Baba korkusu veya büyük korkusundan camilere giderek duaları öğrenirdik, o nesil artık geride kaldı, peki zorunlu olarak gittiğimiz camilerde, hatta yediğimiz hoca dayaklarından bugün sorsalar bana “pişman mısın, halen aynı tarihi özler misin” ?
Asla değilim, o zaman öğrendiğimiz büyüklere saygı, Allah korkusu bugün halen bizim nesillerin içinde var, elbette Allah korkusunu bilip te yolunu sapıtanlar var. Ama en azından büyüklerine saygıyı unutmadılar.

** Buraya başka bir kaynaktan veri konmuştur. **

(* Let $G$ be a multi-hypergraph all of whose edges have size 1 (loops) or size 2, such that each vertex has at most one loop (while 2-edges may have arbitrary multiplicity). Then $\operatorname{ex}(G,\mathcal{D})\geq\frac{2}{3}e(G)$.
   Context: The dumbbell $\mathcal{D}$ is the hypergraph on two vertices $u,v$ with edges $\{u,v\},\{u\},\{v\}$. A copy of $\mathcal{D}$ in $G$ is a sub-multihypergraph isomorphic to $\mathcal{D}$ (preserving edge sizes). $e(G)$ counts all edges (loops and 2-edges) with multiplicity, and $\operatorname{ex}(G,\mathcal{D})$ is the maximum number of edges (with multiplicity) of a sub-multihypergraph of $G$ containing no copy of $\mathcal{D}$. *)

theory Defs
  imports Complex_Main "HOL-Library.Multiset"
begin

text \<open>A multi-hypergraph with edges of size 1 and 2 on vertex set V, where each vertex
carries at most one loop: the loops are given by the set L of looped vertices,
the 2-edges by a multiset E of 2-element vertex sets (arbitrary multiplicity).\<close>

definition loop2_graph :: "'a set \<Rightarrow> 'a set \<Rightarrow> 'a set multiset \<Rightarrow> bool" where
  "loop2_graph V L E \<longleftrightarrow> finite V \<and> L \<subseteq> V \<and> (\<forall>e \<in># E. e \<subseteq> V \<and> card e = 2)"

definition num_edges :: "'a set \<Rightarrow> 'a set multiset \<Rightarrow> nat" where
  "num_edges L E = card L + size E"

definition has_dumbbell :: "'a set \<Rightarrow> 'a set multiset \<Rightarrow> bool" where
  "has_dumbbell L E \<longleftrightarrow> (\<exists>u v. u \<noteq> v \<and> {u, v} \<in># E \<and> u \<in> L \<and> v \<in> L)"

definition ex_dumbbell :: "'a set \<Rightarrow> 'a set multiset \<Rightarrow> nat" where
  "ex_dumbbell L E = Max {num_edges L' E' | L' E'. L' \<subseteq> L \<and> E' \<subseteq># E \<and> \<not> has_dumbbell L' E'}"

end

theory Submission
  imports Defs
begin

text \<open>Induct on the number of loops, removing a looped vertex v and looking at the 2-edges
that join v to other looped vertices. If there are none, keep the loop at v. If there are
at least two, delete the loop at v and keep all of them. If there is exactly one, {v,w},
delete the loop at w and keep both the loop at v and the edge {v,w}. In every case at least
two thirds of the removed edges are restored without creating a dumbbell.\<close>

definition dumbbell_free_two_thirds :: "'a set \<Rightarrow> 'a set multiset \<Rightarrow> bool" where
  "dumbbell_free_two_thirds L E \<longleftrightarrow>
     (\<exists>L' E'. L' \<subseteq> L \<and> E' \<subseteq># E \<and> (\<forall>e\<in>#E'. \<not> e \<subseteq> L') \<and>
        2 * (card L + size E) \<le> 3 * (card L' + size E'))"

lemma dumbbell_free_two_thirds_empty:
  assumes "{} \<notin># E"
  shows "dumbbell_free_two_thirds {} E"
  using assms unfolding dumbbell_free_two_thirds_def
  by (intro exI[of _ "{}"] exI[of _ E]) auto

lemma dumbbell_free_two_thirds_keep_loop:
  assumes "finite L" "v \<in> L" and no_inner_edge: "\<forall>e\<in>#E. v \<in> e \<longrightarrow> \<not> e \<subseteq> L"
    and "dumbbell_free_two_thirds (L - {v}) E"
  shows "dumbbell_free_two_thirds L E"
proof -
  obtain L' E' where L': "L' \<subseteq> L - {v}" "E' \<subseteq># E" "\<forall>e\<in>#E'. \<not> e \<subseteq> L'"
    and count: "2 * (card (L - {v}) + size E) \<le> 3 * (card L' + size E')"
    using assms(4) unfolding dumbbell_free_two_thirds_def by blast
  have "insert v L' \<subseteq> L" using L'(1) assms(2) by blast
  moreover note L'(2)
  moreover have "\<forall>e\<in>#E'. \<not> e \<subseteq> insert v L'"
  proof (intro ballI notI)
    fix e assume e: "e \<in># E'" and sub: "e \<subseteq> insert v L'"
    show False
    proof (cases "v \<in> e")
      case True
      have "e \<in># E" using e L'(2) by (rule mset_subset_eqD[rotated])
      then show False using True sub \<open>insert v L' \<subseteq> L\<close> no_inner_edge by blast
    next
      case False
      then have "e \<subseteq> L'" using sub by blast
      then show False using e L'(3) by blast
    qed
  qed
  moreover have "2 * (card L + size E) \<le> 3 * (card (insert v L') + size E')"
  proof -
    have "finite L'" using L'(1) assms(1) by (meson finite_Diff finite_subset)
    moreover have "v \<notin> L'" using L'(1) by blast
    ultimately have "card (insert v L') = card L' + 1" by simp
    moreover have "card L = card (L - {v}) + 1"
      using card.remove[OF assms(1,2)] by simp
    ultimately show ?thesis using count by (simp add: algebra_simps)
  qed
  ultimately show ?thesis unfolding dumbbell_free_two_thirds_def by (intro exI conjI)
qed

lemma dumbbell_free_two_thirds_drop_loop:
  assumes "finite L" "v \<in> L" "F \<subseteq># E" "\<forall>e\<in>#F. v \<in> e" "2 \<le> size F"
    and "dumbbell_free_two_thirds (L - {v}) (E - F)"
  shows "dumbbell_free_two_thirds L E"
proof -
  obtain L' E' where L': "L' \<subseteq> L - {v}" "E' \<subseteq># E - F" "\<forall>e\<in>#E'. \<not> e \<subseteq> L'"
    and count: "2 * (card (L - {v}) + size (E - F)) \<le> 3 * (card L' + size E')"
    using assms(6) unfolding dumbbell_free_two_thirds_def by blast
  have "L' \<subseteq> L" using L'(1) by blast
  moreover have "E' + F \<subseteq># E"
    using subset_mset.add_right_mono[OF L'(2), of F] assms(3) by simp
  moreover have "\<forall>e\<in>#E' + F. \<not> e \<subseteq> L'"
  proof
    fix e assume "e \<in># E' + F"
    then consider "e \<in># E'" | "e \<in># F" by fastforce
    then show "\<not> e \<subseteq> L'"
      using L'(1,3) assms(4) by cases blast+
  qed
  moreover have "2 * (card L + size E) \<le> 3 * (card L' + size (E' + F))"
  proof -
    have "size (E - F) + size F = size E"
      using assms(3) by (simp add: size_Diff_submset size_mset_mono)
    moreover have "card L = card (L - {v}) + 1"
      using card.remove[OF assms(1,2)] by simp
    ultimately show ?thesis using count assms(5) by (simp add: algebra_simps)
  qed
  ultimately show ?thesis unfolding dumbbell_free_two_thirds_def by (intro exI conjI)
qed

lemma dumbbell_free_two_thirds_pendant_edge:
  assumes "finite L" "v \<in> L" "w \<in> L" "v \<noteq> w" "{v, w} \<in># E"
    and no_other_inner_edge: "\<forall>e\<in>#E - {#{v, w}#}. v \<in> e \<longrightarrow> \<not> e \<subseteq> L"
    and "dumbbell_free_two_thirds (L - {v, w}) (E - {#{v, w}#})"
  shows "dumbbell_free_two_thirds L E"
proof -
  obtain L' E' where L': "L' \<subseteq> L - {v, w}" "E' \<subseteq># E - {#{v, w}#}" "\<forall>e\<in>#E'. \<not> e \<subseteq> L'"
    and count: "2 * (card (L - {v, w}) + size (E - {#{v, w}#})) \<le> 3 * (card L' + size E')"
    using assms(7) unfolding dumbbell_free_two_thirds_def by blast
  have "insert v L' \<subseteq> L" using L'(1) assms(2) by blast
  moreover have "E' + {#{v, w}#} \<subseteq># E"
    using subset_mset.add_right_mono[OF L'(2), of "{#{v, w}#}"] assms(5) by simp
  moreover have "\<forall>e\<in>#E' + {#{v, w}#}. \<not> e \<subseteq> insert v L'"
  proof (intro ballI notI)
    fix e assume "e \<in># E' + {#{v, w}#}" and sub: "e \<subseteq> insert v L'"
    then consider "e \<in># E'" | "e = {v, w}" by fastforce
    then show False
    proof cases
      case 1
      have "e \<in># E - {#{v, w}#}" using 1 L'(2) by (rule mset_subset_eqD[rotated])
      show False
      proof (cases "v \<in> e")
        case True
        have "e \<subseteq> L" using sub \<open>insert v L' \<subseteq> L\<close> by (rule subset_trans)
        then show False using True \<open>e \<in># E - {#{v, w}#}\<close> no_other_inner_edge by blast
      next
        case False
        then have "e \<subseteq> L'" using sub by blast
        then show False using 1 L'(3) by blast
      qed
    next
      case 2
      then have "w \<in> L'" using sub assms(4) by simp
      then show False using L'(1) by blast
    qed
  qed
  moreover have "2 * (card L + size E) \<le> 3 * (card (insert v L') + size (E' + {#{v, w}#}))"
  proof -
    have "finite L'" using L'(1) assms(1) by (meson finite_Diff finite_subset)
    moreover have "v \<notin> L'" using L'(1) by blast
    ultimately have "card (insert v L') = card L' + 1" by simp
    moreover have "card L = card (L - {v, w}) + 2"
      using card_Diff_subset[of "{v, w}" L] card_mono[OF assms(1), of "{v, w}"] assms(2-4)
      by simp
    moreover have "size E = size (E - {#{v, w}#}) + 1"
      using size_Suc_Diff1[OF assms(5)] by simp
    ultimately show ?thesis using count by (simp add: algebra_simps)
  qed
  ultimately show ?thesis unfolding dumbbell_free_two_thirds_def by (intro exI conjI)
qed

lemma dumbbell_free_two_thirds_if_graph:
  assumes "finite L" "\<forall>e\<in>#E. card e = 2"
  shows "dumbbell_free_two_thirds L E"
  using assms
proof (induction "card L" arbitrary: L E rule: less_induct)
  case less
  show ?case
  proof (cases "L = {}")
    case True
    have "{} \<notin># E" using less.prems(2) by fastforce
    then show ?thesis using True dumbbell_free_two_thirds_empty by blast
  next
    case False
    then obtain v where v: "v \<in> L" by blast
    have IH: "dumbbell_free_two_thirds (L - A) E'" if "v \<in> A" "\<forall>e\<in>#E'. card e = 2" for A E'
    proof (rule less.hyps)
      show "card (L - A) < card L"
        using less.prems(1) v that(1) by (intro psubset_card_mono) auto
    qed (use less.prems(1) that(2) in auto)
    define F where "F = filter_mset (\<lambda>e. v \<in> e \<and> e \<subseteq> L) E"
    have F_sub: "F \<subseteq># E" unfolding F_def by simp
    have "size F = 0 \<or> size F = 1 \<or> 2 \<le> size F" by linarith
    then consider "F = {#}" | e where "F = {#e#}" | "2 \<le> size F"
      using size_1_singleton_mset by auto
    then show ?thesis
    proof cases
      case 1
      then have "\<forall>e\<in>#E. v \<in> e \<longrightarrow> \<not> e \<subseteq> L"
        unfolding F_def by simp
      then show ?thesis
        by (rule dumbbell_free_two_thirds_keep_loop[OF less.prems(1) v _
              IH[of "{v}", OF singletonI less.prems(2)]])
    next
      case (2 e)
      then have "e \<in># F" by simp
      then have e: "e \<in># E" "v \<in> e" "e \<subseteq> L" unfolding F_def by auto
      have "card e = 2" using less.prems(2) e(1) by blast
      then obtain a b where ab: "a \<noteq> b" "e = {a, b}" by (meson card_2_iff)
      define w where "w = (if a = v then b else a)"
      have w: "e = {v, w}" "v \<noteq> w" "w \<in> L" using ab e(2,3) unfolding w_def by auto
      have "filter_mset (\<lambda>e. v \<in> e \<and> e \<subseteq> L) (E - {#e#}) = {#}"
        using 2 e unfolding F_def by (simp add: filter_single_mset)
      then have "\<forall>e'\<in>#E - {#e#}. v \<in> e' \<longrightarrow> \<not> e' \<subseteq> L"
        unfolding filter_mset_eq_mempty_iff by blast
      moreover have "dumbbell_free_two_thirds (L - {v, w}) (E - {#e#})"
        using less.prems(2) by (intro IH) (auto dest: in_diffD)
      ultimately show ?thesis
        using dumbbell_free_two_thirds_pendant_edge[OF less.prems(1) v w(3,2)] e(1)
        unfolding w(1) by blast
    next
      case 3
      have "\<forall>e\<in>#F. v \<in> e" unfolding F_def by simp
      moreover have "dumbbell_free_two_thirds (L - {v}) (E - F)"
        using less.prems(2) by (intro IH) (auto dest: in_diffD)
      ultimately show ?thesis
        using dumbbell_free_two_thirds_drop_loop[OF less.prems(1) v F_sub _ 3] by blast
    qed
  qed
qed

lemma not_has_dumbbell_if_no_edge_within:
  assumes "\<forall>e\<in>#E. \<not> e \<subseteq> L"
  shows "\<not> has_dumbbell L E"
proof
  assume "has_dumbbell L E"
  then obtain u w where "{u, w} \<in># E" "u \<in> L" "w \<in> L"
    unfolding has_dumbbell_def by blast
  then show False using assms by (metis empty_subsetI insert_subset)
qed

lemma num_edges_le_ex_dumbbell:
  assumes "finite L" "L' \<subseteq> L" "E' \<subseteq># E" "\<not> has_dumbbell L' E'"
  shows "num_edges L' E' \<le> ex_dumbbell L E"
proof -
  let ?S = "{num_edges L' E' | L' E'. L' \<subseteq> L \<and> E' \<subseteq># E \<and> \<not> has_dumbbell L' E'}"
  have "?S \<subseteq> {..num_edges L E}"
  proof
    fix n assume "n \<in> ?S"
    then obtain L'' E'' where "n = num_edges L'' E''" "L'' \<subseteq> L" "E'' \<subseteq># E" by blast
    then show "n \<in> {..num_edges L E}"
      using card_mono[OF assms(1) \<open>L'' \<subseteq> L\<close>] size_mset_mono[OF \<open>E'' \<subseteq># E\<close>]
      unfolding num_edges_def by simp
  qed
  then have "finite ?S" using finite_subset by blast
  moreover have "num_edges L' E' \<in> ?S" using assms(2-4) by blast
  ultimately show ?thesis unfolding ex_dumbbell_def by (rule Max_ge)
qed

theorem theorem4p4:
  fixes V L :: "'a set" and E :: "'a set multiset"
  assumes "loop2_graph V L E"
  shows "real (ex_dumbbell L E) \<ge> 2 / 3 * real (num_edges L E)"
proof -
  have finite_L: "finite L" and "\<forall>e\<in>#E. card e = 2"
    using assms finite_subset[of L V] unfolding loop2_graph_def by auto
  then have "dumbbell_free_two_thirds L E" by (rule dumbbell_free_two_thirds_if_graph)
  then obtain L' E' where L': "L' \<subseteq> L" "E' \<subseteq># E" "\<forall>e\<in>#E'. \<not> e \<subseteq> L'"
    and count: "2 * (card L + size E) \<le> 3 * (card L' + size E')"
    unfolding dumbbell_free_two_thirds_def by blast
  have "num_edges L' E' \<le> ex_dumbbell L E"
    using num_edges_le_ex_dumbbell[OF finite_L L'(1,2) not_has_dumbbell_if_no_edge_within[OF L'(3)]] .
  moreover have "2 * num_edges L E \<le> 3 * num_edges L' E'"
    using count by (simp only: num_edges_def)
  ultimately have "2 * num_edges L E \<le> 3 * ex_dumbbell L E" by linarith
  then have "real (2 * num_edges L E) \<le> real (3 * ex_dumbbell L E)"
    by (simp only: of_nat_le_iff)
  then show ?thesis by simp
qed

end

Bugün ki nesle baktığımızda Ne saygı, ne sevgi, ne de Allah korkusu çoğunlukta kalmadı, bizim yaştaki insanlar halen büyüklerini gördüğünde elinde sigara varsa saklar veya bir toplumda onun yanında ayaküstüne atmaz, Peki şimdi?
Aslında bu çok basit bir soru olarak karşımızda, çevremize bakmamız yeterli, 10-15 yaşlarında çocuklar yanımıza gelerek “ Dayı ateşin var mı? Veya bir sigara versene gibi kelimeleri kullanabiliyorlar, otobüste ne bayanları, ne de yaşlı insanları görmemezlikten geliyorlar.
Peki bunların nedenini hiç düşündük mü?
Sıralayalım, Çocuklarımızın eğitimini sadece okullara bıraktık, çocuklarımızı dininden uzak tuttuk, onlara Allah korkusunu, büyüğe saygı veya sevgiyi öğretmedik, onları el bebek, gül bebek büyütmeyi istedik, her isteklerini yerine getirdik, teknolojiye bizler ittik, cep telefonu istedi, aldık, bilgisayar istedi aldık, peki onlara hiç koşul koyduk mu?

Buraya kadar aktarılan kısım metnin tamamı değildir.